» Instructions to follow
Restate the data exactly, with nothing altered.

═══

lemma filterlim_floor_grid_at_right:
  fixes s :: real
  shows "filterlim (\<lambda>n. (real_of_int \<lfloor>real (Suc n) * s\<rfloor> + 1) / real (Suc n)) (at_right s) sequentially"
proof -
  define up where "up n = (real_of_int \<lfloor>real (Suc n) * s\<rfloor> + 1) / real (Suc n)" for n
  have lo: "s < up n" and hi: "up n \<le> s + inverse (real (Suc n))" for n
  proof -
    have n: "0 < real (Suc n)" by simp
    have "real (Suc n) * s < real_of_int \<lfloor>real (Suc n) * s\<rfloor> + 1"
      by (rule real_of_int_floor_add_one_gt)
    then show "s < up n" using n by (simp add: up_def field_simps)
    have "real_of_int \<lfloor>real (Suc n) * s\<rfloor> \<le> real (Suc n) * s" by (rule of_int_floor_le)
    then have "up n \<le> (real (Suc n) * s + 1) / real (Suc n)"
      unfolding up_def using n by (intro divide_right_mono) auto
    also have "\<dots> = s + inverse (real (Suc n))" using n by (simp add: field_simps)
    finally show "up n \<le> s + inverse (real (Suc n))" .
  qed
  have "up \<longlonglongrightarrow> s"
  proof (rule tendsto_sandwich[where f="\<lambda>n. s" and h="\<lambda>n. s + inverse (real (Suc n))"])
    show "(\<lambda>n. s + inverse (real (Suc n))) \<longlonglongrightarrow> s"
      using tendsto_add[OF tendsto_const LIMSEQ_inverse_real_of_nat, of s] by simp
  qed (use lo hi in \<open>auto intro: always_eventually less_imp_le\<close>)
  then show ?thesis
    unfolding filterlim_at up_def[symmetric] using lo by (auto intro!: always_eventually)
qed

text \<open>Times are clamped at 0 since X t is only assumed measurable for t \<ge> 0. The proof
  approximates s from the right by the next point of the grid of mesh 1/(n+1); right-continuity
  of the paths gives convergence.\<close>
lemma measurable_right_continuous_process:
  fixes X :: "real \<Rightarrow> 'w \<Rightarrow> 'a::metric_space" and f :: "'a \<Rightarrow> real"
  assumes Xm: "\<And>t. 0 \<le> t \<Longrightarrow> X t \<in> measurable M borel"
    and rc: "\<And>\<omega> t. \<omega> \<in> space M \<Longrightarrow> 0 \<le> t \<Longrightarrow> continuous (at_right t) (\<lambda>s. X s \<omega>)"
    and fc: "continuous_on UNIV f"
  shows "(\<lambda>(\<omega>, s). f (X (max 0 s) \<omega>)) \<in> borel_measurable (M \<Otimes>\<^sub>M (borel :: real measure))"
proof -
  have fm: "f \<in> borel_measurable borel" using fc by (rule borel_measurable_continuous_onI)
  define grid where "grid n i = max 0 ((real_of_int i + 1) / real (Suc n))" for n i
  define up where "up n s = grid n \<lfloor>real (Suc n) * max 0 s\<rfloor>" for n s
  show ?thesis
  proof (rule borel_measurable_LIMSEQ_real[where u="\<lambda>n (\<omega>, s). f (X (up n s) \<omega>)"])
    fix n
    show "(\<lambda>(\<omega>, s). f (X (up n s) \<omega>)) \<in> borel_measurable (M \<Otimes>\<^sub>M (borel :: real measure))"
      unfolding up_def case_prod_beta
    proof (rule measurable_compose_countable[where f="\<lambda>i p. f (X (grid n i) (fst p))"])
      fix i :: int
      have "X (grid n i) \<in> measurable M borel" by (rule Xm) (simp add: grid_def)
      then show "(\<lambda>p. f (X (grid n i) (fst p))) \<in> borel_measurable (M \<Otimes>\<^sub>M (borel :: real measure))"
        using fm by measurable
    qed measurable
  next
    fix p assume p: "p \<in> space (M \<Otimes>\<^sub>M (borel :: real measure))"
    obtain \<omega> s where ps: "p = (\<omega>, s)" by (cases p)
    have \<omega>: "\<omega> \<in> space M" using p ps by (simp add: space_pair_measure)
    define s' where "s' = max 0 s"
    have s'0: "0 \<le> s'" by (simp add: s'_def)
    have "up n s = (real_of_int \<lfloor>real (Suc n) * s'\<rfloor> + 1) / real (Suc n)" for n
      using s'0 by (simp add: up_def grid_def s'_def)
    then have "filterlim (\<lambda>n. up n s) (at_right s') sequentially"
      using filterlim_floor_grid_at_right[of s'] by simp
    moreover have "((\<lambda>t. X t \<omega>) \<longlongrightarrow> X s' \<omega>) (at_right s')"
      using rc[OF \<omega> s'0] by (simp add: continuous_within)
    ultimately have "(\<lambda>n. X (up n s) \<omega>) \<longlonglongrightarrow> X s' \<omega>"
      by (rule filterlim_compose[rotated])
    moreover have "isCont f (X s' \<omega>)"
      using fc continuous_on_eq_continuous_at open_UNIV by blast
    ultimately have "(\<lambda>n. f (X (up n s) \<omega>)) \<longlonglongrightarrow> f (X s' \<omega>)"
      by (rule isCont_tendsto_compose[rotated])
    then show "(\<lambda>n. case p of (\<omega>, s) \<Rightarrow> f (X (up n s) \<omega>)) \<longlonglongrightarrow> (case p of (\<omega>, s) \<Rightarrow> f (X (max 0 s) \<omega>))"
      by (simp add: ps s'_def)
  qed
qed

═══

» Output for this exercise
lemma filterlim_floor_grid_at_right:
  fixes s :: real
  shows "filterlim (\<lambda>n. (real_of_int \<lfloor>real (Suc n) * s\<rfloor> + 1) / real (Suc n)) (at_right s) sequentially"
proof -
  define up where "up n = (real_of_int \<lfloor>real (Suc n) * s\<rfloor> + 1) / real (Suc n)" for n
  have lo: "s < up n" and hi: "up n \<le> s + inverse (real (Suc n))" for n
  proof -
    have n: "0 < real (Suc n)" by simp
    have "real (Suc n) * s < real_of_int \<lfloor>real (Suc n) * s\<rfloor> + 1"
      by (rule real_of_int_floor_add_one_gt)
    then show "s < up n" using n by (simp add: up_def field_simps)
    have "real_of_int \<lfloor>real (Suc n) * s\<rfloor> \<le> real (Suc n) * s" by (rule of_int_floor_le)
    then have "up n \<le> (real (Suc n) * s + 1) / real (Suc n)"
      unfolding up_def using n by (intro divide_right_mono) auto
    also have "\<dots> = s + inverse (real (Suc n))" using n by (simp add: field_simps)
    finally show "up n \<le> s + inverse (real (Suc n))" .
  qed
  have "up \<longlonglongrightarrow> s"
  proof (rule tendsto_sandwich[where f="\<lambda>n. s" and h="\<lambda>n. s + inverse (real (Suc n))"])
    show "(\<lambda>n. s + inverse (real (Suc n))) \<longlonglongrightarrow> s"
      using tendsto_add[OF tendsto_const LIMSEQ_inverse_real_of_nat, of s] by simp
  qed (use lo hi in \<open>auto intro: always_eventually less_imp_le\<close>)
  then show ?thesis
    unfolding filterlim_at up_def[symmetric] using lo by (auto intro!: always_eventually)
qed

text \<open>Times are clamped at 0 since X t is only assumed measurable for t \<ge> 0. The proof
  approximates s from the right by the next point of the grid of mesh 1/(n+1); right-continuity
  of the paths gives convergence.\<close>
lemma measurable_right_continuous_process:
  fixes X :: "real \<Rightarrow> 'w \<Rightarrow> 'a::metric_space" and f :: "'a \<Rightarrow> real"
  assumes Xm: "\<And>t. 0 \<le> t \<Longrightarrow> X t \<in> measurable M borel"
    and rc: "\<And>\<omega> t. \<omega> \<in> space M \<Longrightarrow> 0 \<le> t \<Longrightarrow> continuous (at_right t) (\<lambda>s. X s \<omega>)"
    and fc: "continuous_on UNIV f"
  shows "(\<lambda>(\<omega>, s). f (X (max 0 s) \<omega>)) \<in> borel_measurable (M \<Otimes>\<^sub>M (borel :: real measure))"
proof -
  have fm: "f \<in> borel_measurable borel" using fc by (rule borel_measurable_continuous_onI)
  define grid where "grid n i = max 0 ((real_of_int i + 1) / real (Suc n))" for n i
  define up where "up n s = grid n \<lfloor>real (Suc n) * max 0 s\<rfloor>" for n s
  show ?thesis
  proof (rule borel_measurable_LIMSEQ_real[where u="\<lambda>n (\<omega>, s). f (X (up n s) \<omega>)"])
    fix n
    show "(\<lambda>(\<omega>, s). f (X (up n s) \<omega>)) \<in> borel_measurable (M \<Otimes>\<^sub>M (borel :: real measure))"
      unfolding up_def case_prod_beta
    proof (rule measurable_compose_countable[where f="\<lambda>i p. f (X (grid n i) (fst p))"])
      fix i :: int
      have "X (grid n i) \<in> measurable M borel" by (rule Xm) (simp add: grid_def)
      then show "(\<lambda>p. f (X (grid n i) (fst p))) \<in> borel_measurable (M \<Otimes>\<^sub>M (borel :: real measure))"
        using fm by measurable
    qed measurable
  next
    fix p assume p: "p \<in> space (M \<Otimes>\<^sub>M (borel :: real measure))"
    obtain \<omega> s where ps: "p = (\<omega>, s)" by (cases p)
    have \<omega>: "\<omega> \<in> space M" using p ps by (simp add: space_pair_measure)
    define s' where "s' = max 0 s"
    have s'0: "0 \<le> s'" by (simp add: s'_def)
    have "up n s = (real_of_int \<lfloor>real (Suc n) * s'\<rfloor> + 1) / real (Suc n)" for n
      using s'0 by (simp add: up_def grid_def s'_def)
    then have "filterlim (\<lambda>n. up n s) (at_right s') sequentially"
      using filterlim_floor_grid_at_right[of s'] by simp
    moreover have "((\<lambda>t. X t \<omega>) \<longlongrightarrow> X s' \<omega>) (at_right s')"
      using rc[OF \<omega> s'0] by (simp add: continuous_within)
    ultimately have "(\<lambda>n. X (up n s) \<omega>) \<longlonglongrightarrow> X s' \<omega>"
      by (rule filterlim_compose[rotated])
    moreover have "isCont f (X s' \<omega>)"
      using fc continuous_on_eq_continuous_at open_UNIV by blast
    ultimately have "(\<lambda>n. f (X (up n s) \<omega>)) \<longlonglongrightarrow> f (X s' \<omega>)"
      by (rule isCont_tendsto_compose[rotated])
    then show "(\<lambda>n. case p of (\<omega>, s) \<Rightarrow> f (X (up n s) \<omega>)) \<longlonglongrightarrow> (case p of (\<omega>, s) \<Rightarrow> f (X (max 0 s) \<omega>))"
      by (simp add: ps s'_def)
  qed
qed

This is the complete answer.